Methods This paper addresses complex operational scenarios, including fully mechanized mining faces and excavation roadways, by proposing a joint calibration method that leverages cross-depth feature coupling between LiDAR and camera. For feature extraction, an enhanced RANSAC multi-plane fitting algorithm is introduced, integrating normal vector pre-clustering and an adaptive iteration mechanism to efficiently extract geometric structures, such as hydraulic support roof beams and roadheader casings. A cross-depth edge fusion strategy is also proposed, which synergistically utilizes curvature discontinuities and planar intersection features to improve the completeness and robustness of edge structures. The calibration framework employs a two-stage registration strategy: coarse registration rapidly estimates initial extrinsic parameters via an axial cyclic perturbation approach, while fine registration establishes joint point-line constraints within Lie group space and iteratively refines them through nonlinear optimization. This ensures high-precision alignment is achieved even under challenging conditions involving coal dust and complex operational environments.

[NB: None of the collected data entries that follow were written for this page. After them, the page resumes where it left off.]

lemma box_small_set_in_proper_convex:
  assumes fin: "finite V" "finite W" and card: "2 \<le> card V" "2 \<le> card W"
    and S: "S \<subseteq> V \<times> W" "card S \<le> 2"
  obtains C where "cycle_convex (V \<times> W) (box_edges V E W F) C" "S \<subseteq> C" "C \<noteq> V \<times> W"
proof -
  have card_VW: "card (V \<times> W) = card V * card W" by (simp add: card_cartesian_product)
  have proper: "C \<noteq> V \<times> W" if "card C < card (V \<times> W)" for C using that by auto
  show ?thesis
  proof (cases "\<exists>g\<in>V. S \<subseteq> {g} \<times> W")
    case True
    then obtain g where g: "g \<in> V" "S \<subseteq> {g} \<times> W" by blast
    have "cycle_convex (V \<times> W) (box_edges V E W F) ({g} \<times> W)"
      using g(1) by (intro cycle_convex_box_left cycle_convex_card_le_1) auto
    moreover have "card ({g} \<times> W) < card (V \<times> W)"
      using card card_VW by (simp add: card_cartesian_product)
    ultimately show ?thesis by (rule that[OF _ g(2) proper])
  next
    case not_column: False
    show ?thesis
    proof (cases "\<exists>h\<in>W. S \<subseteq> V \<times> {h}")
      case True
      then obtain h where h: "h \<in> W" "S \<subseteq> V \<times> {h}" by blast
      have "cycle_convex (V \<times> W) (box_edges V E W F) (V \<times> {h})"
        using h(1) by (intro cycle_convex_box_right cycle_convex_card_le_1) auto
      moreover have "card (V \<times> {h}) < card (V \<times> W)"
        using card card_VW by (simp add: card_cartesian_product)
      ultimately show ?thesis by (rule that[OF _ h(2) proper])
    next
      case not_row: False
      have "V \<noteq> {}" using card(1) by auto
      then have "S \<noteq> {}" using not_column by blast
      moreover have "finite S" using S(1) fin finite_subset by blast
      ultimately have "card S \<noteq> 0" by simp
      moreover have "card S \<noteq> 1"
      proof
        assume "card S = 1"
        then obtain a where "S = {a}" by (auto simp: card_1_singleton_iff)
        then show False using not_column S(1) by (cases a) auto
      qed
      ultimately have "card S = 2" using S(2) by linarith
      then obtain a b where ab: "S = {a, b}" "a \<noteq> b" by (auto simp: card_2_iff)
      have "fst a \<noteq> fst b"
      proof
        assume "fst a = fst b"
        then have "S \<subseteq> {fst a} \<times> W" using S(1) ab(1) by (cases a; cases b) auto
        then show False using not_column S(1) ab(1) by auto
      qed
      moreover have "snd a \<noteq> snd b"
      proof
        assume "snd a = snd b"
        then have "S \<subseteq> V \<times> {snd a}" using S(1) ab(1) by (cases a; cases b) auto
        then show False using not_row S(1) ab(1) by auto
      qed
      ultimately have "\<not> adj (box_edges V E W F) a b" by (cases a; cases b) (simp add: adj_box_edges)
      then have "cycle_convex (V \<times> W) (box_edges V E W F) {a, b}"
        using S(1) ab(1) by (intro cycle_convex_nonadjacent_pair) auto
      moreover have "card {a, b} < card (V \<times> W)"
        using ab(2) card card_VW mult_le_mono[OF card] by simp
      ultimately show ?thesis using ab(1) by (intro that[OF _ _ proper]) auto
    qed
  qed
qed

Results and Conclusions The proposed method was validated both on the Gazebo simulation platform and in real underground mining scenarios. Experimental results show that under noise-free conditions, the rotational error is less than 0.2°, the translational error is below 0.02 m, and the mean reprojection error does not exceed 3.5 px. Even in high-noise environments, the method still maintains excellent stability. Compared with traditional approaches, the proposed method achieves mean reprojection errors of 2.89 px and 3.03 px on the roadheader face and longwall face, respectively, demonstrating a significant improvement. Moreover, the method does not rely on manually placed calibration targets and exhibits strong environmental adaptability and robustness, meeting the high-precision calibration requirements of multi-modal perception systems in complex underground coal-mine environments.